When some of the residents complained about homes being turned into “quadplexes” (essentially makeshift apartments), Councilwoman Castillo was quick to point out the city’s “voter-approved investment in affordable housing” that can be found going up all over town.

One of these developments is going up on the far west side.  Another is raising a stink on the far north side.  Residents there complain of inevitable overcrowding in schools, increased traffic, etc.

There is also a perception that more criminal activity is likely to follow. 

Even people who live in the more impoverished parts of town know they aren’t very safe areas.  Many are anxious to get out.  But they felt trapped, just like everyone else.  Or almost everyone.

Those with the means can and do leave the city’s tax jurisdiction.  Despite the county’s previously mentioned population growth, San Antonio’s population grew by only 26%.  This is important because property taxes finance these bond “investments”.   

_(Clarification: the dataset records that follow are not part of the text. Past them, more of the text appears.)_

lemma expectation_choose_pmf:
  fixes h :: "nat option \<Rightarrow> real"
  shows "measure_pmf.expectation (choose_pmf js) h =
    (\<Sum>r<length js. (1/2) ^ Suc r * h (Some (js ! r))) + (1/2) ^ length js * h None"
proof (induction js)
  case Nil
  then show ?case by simp
next
  case (Cons j js)
  have "measure_pmf.expectation (choose_pmf (j # js)) h =
     (\<Sum>b\<in>UNIV. pmf (bernoulli_pmf (1/2)) b *\<^sub>R measure_pmf.expectation
         (if b then return_pmf (Some j) else choose_pmf js) h)"
    unfolding choose_pmf.simps
    by (rule pmf_expectation_bind) (auto simp: finite_set_pmf_choose_pmf)
  also have "\<dots> = 1/2 * h (Some j) + 1/2 * measure_pmf.expectation (choose_pmf js) h"
    by (simp add: UNIV_bool)
  finally show ?case
    unfolding Cons length_Cons sum.lessThan_Suc_shift
    by (simp add: sum_distrib_left algebra_simps)
qed

lemma welfare_cong: "(\<And>j. j \<in> {1..n} \<Longrightarrow> X j = Y j) \<Longrightarrow> welfare n f X = welfare n f Y"
  unfolding welfare_def by (rule sum.cong) auto

lemma welfare_fun_upd:
  assumes j: "j \<in> {1..n}"
  shows "welfare n f (X(j := A)) = welfare n f X + (f j A - f j (X j))"
proof -
  have "welfare n f (X(j := A)) = (\<Sum>l\<in>{1..n}. f l (X l) + (if l = j then f j A - f j (X j) else 0))"
    unfolding welfare_def by (rule sum.cong) auto
  then show ?thesis using j by (simp add: sum.distrib welfare_def)
qed

definition step_outcome :: "(nat \<Rightarrow> nat set \<Rightarrow> real) \<Rightarrow> nat \<Rightarrow> alloc \<Rightarrow> nat option \<Rightarrow> alloc" where
  "step_outcome f i S c =
     (case c of None \<Rightarrow> S
      | Some j \<Rightarrow> if marg (f j) i (S j) \<ge> 0 then S(j := insert i (S j)) else S)"

lemma step_outcome_None [simp]: "step_outcome f i S None = S"
  by (simp add: step_outcome_def)

lemma alg_step_eq_map_step_outcome:
  "alg_step f tb i S = map_pmf (step_outcome f i S) (choose_pmf (tb i S))"
  unfolding alg_step_def step_outcome_def ..

lemma welfare_step_outcome_Some:
  "j \<in> {1..n} \<Longrightarrow>
     welfare n f (step_outcome f i S (Some j)) = welfare n f S + max (marg (f j) i (S j)) 0"
  by (simp add: step_outcome_def welfare_fun_upd marg_def)

lemma hybrid_fun_upd_insert:
  "hybrid Opt i (S(j := insert i (S j))) = (hybrid Opt i S)(j := insert i (hybrid Opt i S j))"
  unfolding hybrid_def by (auto simp: fun_eq_iff)

lemma hybrid_eq_prev:
  assumes "1 \<le> i"
  shows "hybrid Opt i S j =
    (if i \<in> Opt j then insert i (hybrid Opt (i - 1) S j) else hybrid Opt (i - 1) S j)"
proof -
  have "{1..i} = insert i {1..i - 1}" using assms by auto
  then show ?thesis unfolding hybrid_def by auto
qed

lemma set_pmf_alg_step_subset: "S' \<in> set_pmf (alg_step f tb i S) \<Longrightarrow> S' j \<subseteq> insert i (S j)"
  unfolding alg_step_def by (auto split: option.splits if_splits)

lemma finite_set_pmf_alg_step: "finite (set_pmf (alg_step f tb i S))"
  unfolding alg_step_def by (simp add: finite_set_pmf_choose_pmf)

lemma finite_set_pmf_alg_traj: "finite (set_pmf (alg_traj f tb k))"
  by (induction k) (auto simp: finite_set_pmf_alg_step)

lemma alg_traj_items_subset: "T \<in> set_pmf (alg_traj f tb k) \<Longrightarrow> T t j \<subseteq> {1..t}"
proof (induction k arbitrary: T t)
  case 0
  then show ?case by simp
next
  case (Suc k)
  then obtain T0 S' where T0: "T0 \<in> set_pmf (alg_traj f tb k)"
    and S': "S' \<in> set_pmf (alg_step f tb (Suc k) (T0 k))" and T: "T = T0(Suc k := S')"
    by auto
  show ?case
  proof (cases "t = Suc k")
    case True
    have "S' j \<subseteq> insert (Suc k) (T0 k j)" by (rule set_pmf_alg_step_subset[OF S'])
    also have "\<dots> \<subseteq> {1..Suc k}" using Suc.IH[OF T0, of k] by auto
    finally show ?thesis using T True by simp
  next
    case False
    then show ?thesis using T Suc.IH[OF T0] by simp
  qed
qed

lemma map_pmf_alg_traj_prefix:
  assumes "t \<le> k" and prefix: "\<And>T T'. (\<forall>s\<le>t. T s = T' s) \<Longrightarrow> h T = h T'"
  shows "map_pmf h (alg_traj f tb k) = map_pmf h (alg_traj f tb t)"
  using assms(1)
proof (induction k rule: dec_induct)
  case (step l)
  have "h (T(Suc l := S')) = h T" for T S'
    using step.hyps by (intro prefix) auto
  then have "map_pmf h (alg_traj f tb (Suc l))
      = alg_traj f tb l \<bind> (\<lambda>T. map_pmf (\<lambda>_. h T) (alg_step f tb (Suc l) (T l)))"
    by (simp add: map_bind_pmf map_pmf_comp)
  also have "\<dots> = map_pmf h (alg_traj f tb l)"
    by (simp add: map_pmf_def)
  finally show ?case using step.IH by simp
qed simp

lemma expectation_alg_traj_item:
  fixes g :: "alloc \<Rightarrow> alloc \<Rightarrow> real"
  assumes i: "i \<in> {1..m}"
  shows "measure_pmf.expectation (alg_traj f tb m) (\<lambda>T. g (T (i - 1)) (T i)) =
    (\<Sum>T\<in>set_pmf (alg_traj f tb (i - 1)). pmf (alg_traj f tb (i - 1)) T *
       measure_pmf.expectation (alg_step f tb i (T (i - 1))) (g (T (i - 1))))"
proof -
  obtain k where k: "i = Suc k" using i by (cases i) auto
  define G where "G = (\<lambda>T :: nat \<Rightarrow> alloc. g (T k) (T (Suc k)))"
  have prefix: "map_pmf G (alg_traj f tb m) = map_pmf G (alg_traj f tb (Suc k))"
    by (rule map_pmf_alg_traj_prefix) (use i k in \<open>simp_all add: G_def\<close>)
  have "measure_pmf.expectation (alg_traj f tb m) G
      = measure_pmf.expectation (map_pmf G (alg_traj f tb m)) (\<lambda>x. x)"
    by simp
  also have "\<dots> = measure_pmf.expectation (alg_traj f tb (Suc k)) G"
    unfolding prefix by simp
  also have "\<dots> = (\<Sum>T\<in>set_pmf (alg_traj f tb k). pmf (alg_traj f tb k) T *\<^sub>R
      measure_pmf.expectation (map_pmf (\<lambda>S'. T(Suc k := S')) (alg_step f tb (Suc k) (T k))) G)"
    unfolding alg_traj.simps
    by (rule pmf_expectation_bind[OF finite_set_pmf_alg_traj]) (simp_all add: finite_set_pmf_alg_step)
  also have "\<dots> = (\<Sum>T\<in>set_pmf (alg_traj f tb k). pmf (alg_traj f tb k) T *
      measure_pmf.expectation (alg_step f tb (Suc k) (T k)) (g (T k)))"
    by (simp add: G_def)
  finally show ?thesis using k by (simp add: G_def)
qed

(* S plays the role of S^(i-1); opt_gain is the value of K^i when item i stays unallocated. *)
locale item_step =
  fixes n m :: nat and f :: "nat \<Rightarrow> nat set \<Rightarrow> real" and Opt :: alloc and i :: nat and S :: alloc
  assumes submodular: "\<forall>j\<in>{1..n}. submodular_on {1..m} (f j)"
    and feasible: "feasible_alloc n m Opt"
    and item: "i \<in> {1..m}"
    and earlier_items: "\<forall>j. S j \<subseteq> {1..i - 1}"
begin

definition gain :: "nat \<Rightarrow> real" where
  "gain j = max (marg (f j) i (S j)) 0"

definition opt_gain :: real where
  "opt_gain = welfare n f (hybrid Opt i S) - welfare n f (hybrid Opt (i - 1) S)"

lemma gain_nonneg: "0 \<le> gain j"
  unfolding gain_def by simp

lemma marg_hybrid_prev_le_gain:
  assumes "j \<in> {1..n}"
  shows "marg (f j) i (hybrid Opt (i - 1) S j) \<le> gain j"
proof -
  have "S j \<subseteq> {1..i - 1}" using earlier_items by blast
  then have "marg (f j) i (hybrid Opt (i - 1) S j) \<le> marg (f j) i (S j)"
    using submodular assms item
    by (intro submodular_on_marg_antimono[where U = "{1..m}"]) (auto simp: hybrid_def subset_iff)
  then show ?thesis unfolding gain_def by simp
qed

lemma opt_gain_no_owner:
  assumes "\<forall>j\<in>{1..n}. i \<notin> Opt j"
  shows "opt_gain = 0"
proof -
  have "welfare n f (hybrid Opt i S) = welfare n f (hybrid Opt (i - 1) S)"
    by (rule welfare_cong) (use assms item in \<open>simp add: hybrid_eq_prev\<close>)
  then show ?thesis unfolding opt_gain_def by simp
qed

lemma opt_gain_le_gain_owner:
  assumes owner: "owner \<in> {1..n}" "i \<in> Opt owner"
  shows "opt_gain \<le> gain owner"
proof -
  have disjoint: "i \<notin> Opt j" if "j \<in> {1..n}" "j \<noteq> owner" for j
    using feasible that owner unfolding feasible_alloc_def by blast
  have "welfare n f (hybrid Opt i S) =
      welfare n f ((hybrid Opt (i - 1) S)(owner := insert i (hybrid Opt (i - 1) S owner)))"
    by (rule welfare_cong) (use item owner disjoint in \<open>auto simp: hybrid_eq_prev\<close>)
  then have "opt_gain = marg (f owner) i (hybrid Opt (i - 1) S owner)"
    unfolding opt_gain_def using owner by (simp add: welfare_fun_upd marg_def)
  then show ?thesis using marg_hybrid_prev_le_gain[OF owner(1)] by simp
qed

definition non_owner_gain :: "nat \<Rightarrow> real" where
  "non_owner_gain j = (if i \<in> Opt j then 0 else gain j)"

lemma hybrid_gain_Some_le:
  assumes j: "j \<in> {1..n}"
  shows "welfare n f (hybrid Opt i (step_outcome f i S (Some j))) - welfare n f (hybrid Opt (i - 1) S)
    \<le> opt_gain + non_owner_gain j"
proof (cases "marg (f j) i (S j) \<ge> 0")
  case True
  have "welfare n f (hybrid Opt i (step_outcome f i S (Some j)))
      = welfare n f (hybrid Opt i S) + marg (f j) i (hybrid Opt i S j)"
    using True j by (simp add: step_outcome_def hybrid_fun_upd_insert welfare_fun_upd marg_def)
  moreover have "marg (f j) i (hybrid Opt i S j) \<le> non_owner_gain j"
    using item marg_hybrid_prev_le_gain[OF j]
    by (auto simp: non_owner_gain_def hybrid_eq_prev marg_def insert_absorb)
  ultimately show ?thesis unfolding opt_gain_def by simp
next
  case False
  then show ?thesis by (simp add: step_outcome_def opt_gain_def non_owner_gain_def gain_nonneg)
qed

lemma expectation_choose_gain:
  assumes "set js \<subseteq> {1..n}"
  shows "measure_pmf.expectation (choose_pmf js) (\<lambda>c. welfare n f (step_outcome f i S c) - welfare n f S)
    = (\<Sum>r<length js. (1/2) ^ Suc r * gain (js ! r))"
proof -
  have "welfare n f (step_outcome f i S (Some (js ! r))) - welfare n f S = gain (js ! r)"
    if "r < length js" for r
    using welfare_step_outcome_Some[of "js ! r"] assms nth_mem[OF that] unfolding gain_def by auto
  then show ?thesis
    unfolding expectation_choose_pmf by simp
qed

lemma expectation_choose_hybrid_gain_le:
  assumes "set js \<subseteq> {1..n}"
  shows "measure_pmf.expectation (choose_pmf js)
      (\<lambda>c. welfare n f (hybrid Opt i (step_outcome f i S c)) - welfare n f (hybrid Opt (i - 1) S))
    \<le> opt_gain + (\<Sum>r<length js. (1/2) ^ Suc r * non_owner_gain (js ! r))"
proof -
  define C where "C = (\<Sum>r<length js. (1/2::real) ^ Suc r)"
  have Some_bound: "welfare n f (hybrid Opt i (step_outcome f i S (Some (js ! r))))
      - welfare n f (hybrid Opt (i - 1) S) \<le> opt_gain + non_owner_gain (js ! r)"
    if "r < length js" for r
    using hybrid_gain_Some_le assms nth_mem[OF that] by blast
  have "measure_pmf.expectation (choose_pmf js)
      (\<lambda>c. welfare n f (hybrid Opt i (step_outcome f i S c)) - welfare n f (hybrid Opt (i - 1) S))
    \<le> (\<Sum>r<length js. (1/2) ^ Suc r * (opt_gain + non_owner_gain (js ! r))) + (1/2) ^ length js * opt_gain"
    unfolding expectation_choose_pmf
    by (intro add_mono sum_mono mult_left_mono) (use Some_bound in \<open>auto simp: opt_gain_def\<close>)
  also have "\<dots> = C * opt_gain + (1/2) ^ length js * opt_gain
      + (\<Sum>r<length js. (1/2) ^ Suc r * non_owner_gain (js ! r))"
    unfolding C_def by (simp add: distrib_left sum.distrib sum_distrib_right)
  also have "C * opt_gain + (1/2) ^ length js * opt_gain = opt_gain"
    using sum_half_powers[of "length js"] unfolding C_def by (simp flip: distrib_right)
  finally show ?thesis .
qed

That necessarily means the burden on the remaining homeowners intensifies.  The city begins to entertain the possibility of raising rates.  That in turn nudges the holdouts to join the exodus out of city limits, or to get on the long and growing waitlist for this “affordable housing.”

It’s a vicious cycle, and it looks like it might get worse before it gets better.

The Biden Administration has made it clear that Americans should expect the value of their dollar to drop further.  Advisers to former President Trump are discussing their own ways to devalue the currency should they retake the White House in November. 

Meanwhile, despite all this, their cohorts here at the grass roots are likely eligible for political promotion.

Councilwoman Castillo, endorsed by Bernie Sanders, who himself called on the Federal Reserve to lower interest rates earlier this year, could follow the path of former Austin city councilman Greg Casar into Congress.

While Mayor Ron Nirenberg, who spearheaded the drive for these “investments,” appears lately to have been groomed for a possible role in a second Biden Administration.  Residents and community leaders we talk to are already not pleased about being left with his plodding workforce program

For their part, local conservative officials haven’t been much help.

Falling in line with a growing number of their brethren in D.C., too frequently they have voted for higher property taxes.  Nevertheless, they are blessed for re-election by lawmakers stationed thousands of miles away.

In some areas of town, homes are renting for twice as much as they did barely a decade ago.  If landlords go too long without being able to find a tenant, investors will no doubt swoop in to buy. 

If they struggle, something like a quadplex doesn’t fly with the neighbors, and the market collapses under the weight of a growing glut of apartments, it’s not a stretch to guess what comes next.

Bankruptcy and/or government bailouts.  We all remember the fallout the last time that happened.